[[ Supplied records, beginning ]]

(* For any $\mathbf a=(a,\alpha)\in\mathbb R^2$ and $\varepsilon\ge0$, every minimiser of $\Sigma^\varepsilon_f$ over $H^2_{\mathbf a}$ belongs to $\{\bar h\}\cup\{h_\ell:\ell\in(0,1)\}$, where $\bar h(t)=a+\alpha t$ and $h_\ell(t)=h^{*,(0,\ell)}_{(\mathbf a,\mathbf 0)}(t)$ for $t\in[0,\ell)$, $h_\ell(t)=0$ for $t\in[\ell,1]$.
   Context: $H^2_{\mathbf a}=\{h\in H^2([0,1]):h(0)=a,\dot h(0)=\alpha\}$. $\tau(\varepsilon)\ge0$ is the pinning free energy (a fixed nonnegative number for each $\varepsilon$). $\Sigma^\varepsilon_f(h)=\frac12\int_0^1\ddot h^2\,dt-\tau(\varepsilon)|\{t\in[0,1]:h(t)=0\}|$ on $H^2_{\mathbf a}$. For an interval $I=(0,\ell)$, $h^{*,(0,\ell)}_{(\mathbf a,\mathbf 0)}$ is the unique minimiser of $\frac12\int_0^\ell\ddot h^2\,dt$ among $h\in H^2((0,\ell))$ with $h(0)=a,\dot h(0)=\alpha,h(\ell)=0,\dot h(\ell)=0$ (a cubic polynomial). *)

theory Defs
  imports "HOL-Analysis.Analysis"
begin

text \<open>Sobolev space H^2 on an interval [0,L], via the standard characterisation on an
interval: h has an absolutely continuous derivative h1 whose a.e. derivative h2 lies in L^2.
Concretely h1 t = h1 0 + int_0^t h2 and h t = h 0 + int_0^t h1 on [0,L],
with h2 square-integrable (hence integrable) on [0,L].\<close>

definition H2_weak :: "real \<Rightarrow> (real \<Rightarrow> real) \<Rightarrow> (real \<Rightarrow> real) \<Rightarrow> (real \<Rightarrow> real) \<Rightarrow> bool" where
  "H2_weak L h h1 h2 \<longleftrightarrow>
     integrable (lebesgue_on {0..L}) h2 \<and>
     integrable (lebesgue_on {0..L}) (\<lambda>t. (h2 t)\<^sup>2) \<and>
     (\<forall>t\<in>{0..L}. h1 t = h1 0 + integral\<^sup>L (lebesgue_on {0..t}) h2) \<and>
     (\<forall>t\<in>{0..L}. h t = h 0 + integral\<^sup>L (lebesgue_on {0..t}) h1)"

[[ Supplied records, end ]]

# Exercise prompt
Could you restate the records above word for word?

# Answer section
(* For any $\mathbf a=(a,\alpha)\in\mathbb R^2$ and $\varepsilon\ge0$, every minimiser of $\Sigma^\varepsilon_f$ over $H^2_{\mathbf a}$ belongs to $\{\bar h\}\cup\{h_\ell:\ell\in(0,1)\}$, where $\bar h(t)=a+\alpha t$ and $h_\ell(t)=h^{*,(0,\ell)}_{(\mathbf a,\mathbf 0)}(t)$ for $t\in[0,\ell)$, $h_\ell(t)=0$ for $t\in[\ell,1]$.
   Context: $H^2_{\mathbf a}=\{h\in H^2([0,1]):h(0)=a,\dot h(0)=\alpha\}$. $\tau(\varepsilon)\ge0$ is the pinning free energy (a fixed nonnegative number for each $\varepsilon$). $\Sigma^\varepsilon_f(h)=\frac12\int_0^1\ddot h^2\,dt-\tau(\varepsilon)|\{t\in[0,1]:h(t)=0\}|$ on $H^2_{\mathbf a}$. For an interval $I=(0,\ell)$, $h^{*,(0,\ell)}_{(\mathbf a,\mathbf 0)}$ is the unique minimiser of $\frac12\int_0^\ell\ddot h^2\,dt$ among $h\in H^2((0,\ell))$ with $h(0)=a,\dot h(0)=\alpha,h(\ell)=0,\dot h(\ell)=0$ (a cubic polynomial). *)

theory Defs
  imports "HOL-Analysis.Analysis"
begin

text \<open>Sobolev space H^2 on an interval [0,L], via the standard characterisation on an
interval: h has an absolutely continuous derivative h1 whose a.e. derivative h2 lies in L^2.
Concretely h1 t = h1 0 + int_0^t h2 and h t = h 0 + int_0^t h1 on [0,L],
with h2 square-integrable (hence integrable) on [0,L].\<close>

definition H2_weak :: "real \<Rightarrow> (real \<Rightarrow> real) \<Rightarrow> (real \<Rightarrow> real) \<Rightarrow> (real \<Rightarrow> real) \<Rightarrow> bool" where
  "H2_weak L h h1 h2 \<longleftrightarrow>
     integrable (lebesgue_on {0..L}) h2 \<and>
     integrable (lebesgue_on {0..L}) (\<lambda>t. (h2 t)\<^sup>2) \<and>
     (\<forall>t\<in>{0..L}. h1 t = h1 0 + integral\<^sup>L (lebesgue_on {0..t}) h2) \<and>
     (\<forall>t\<in>{0..L}. h t = h 0 + integral\<^sup>L (lebesgue_on {0..t}) h1)"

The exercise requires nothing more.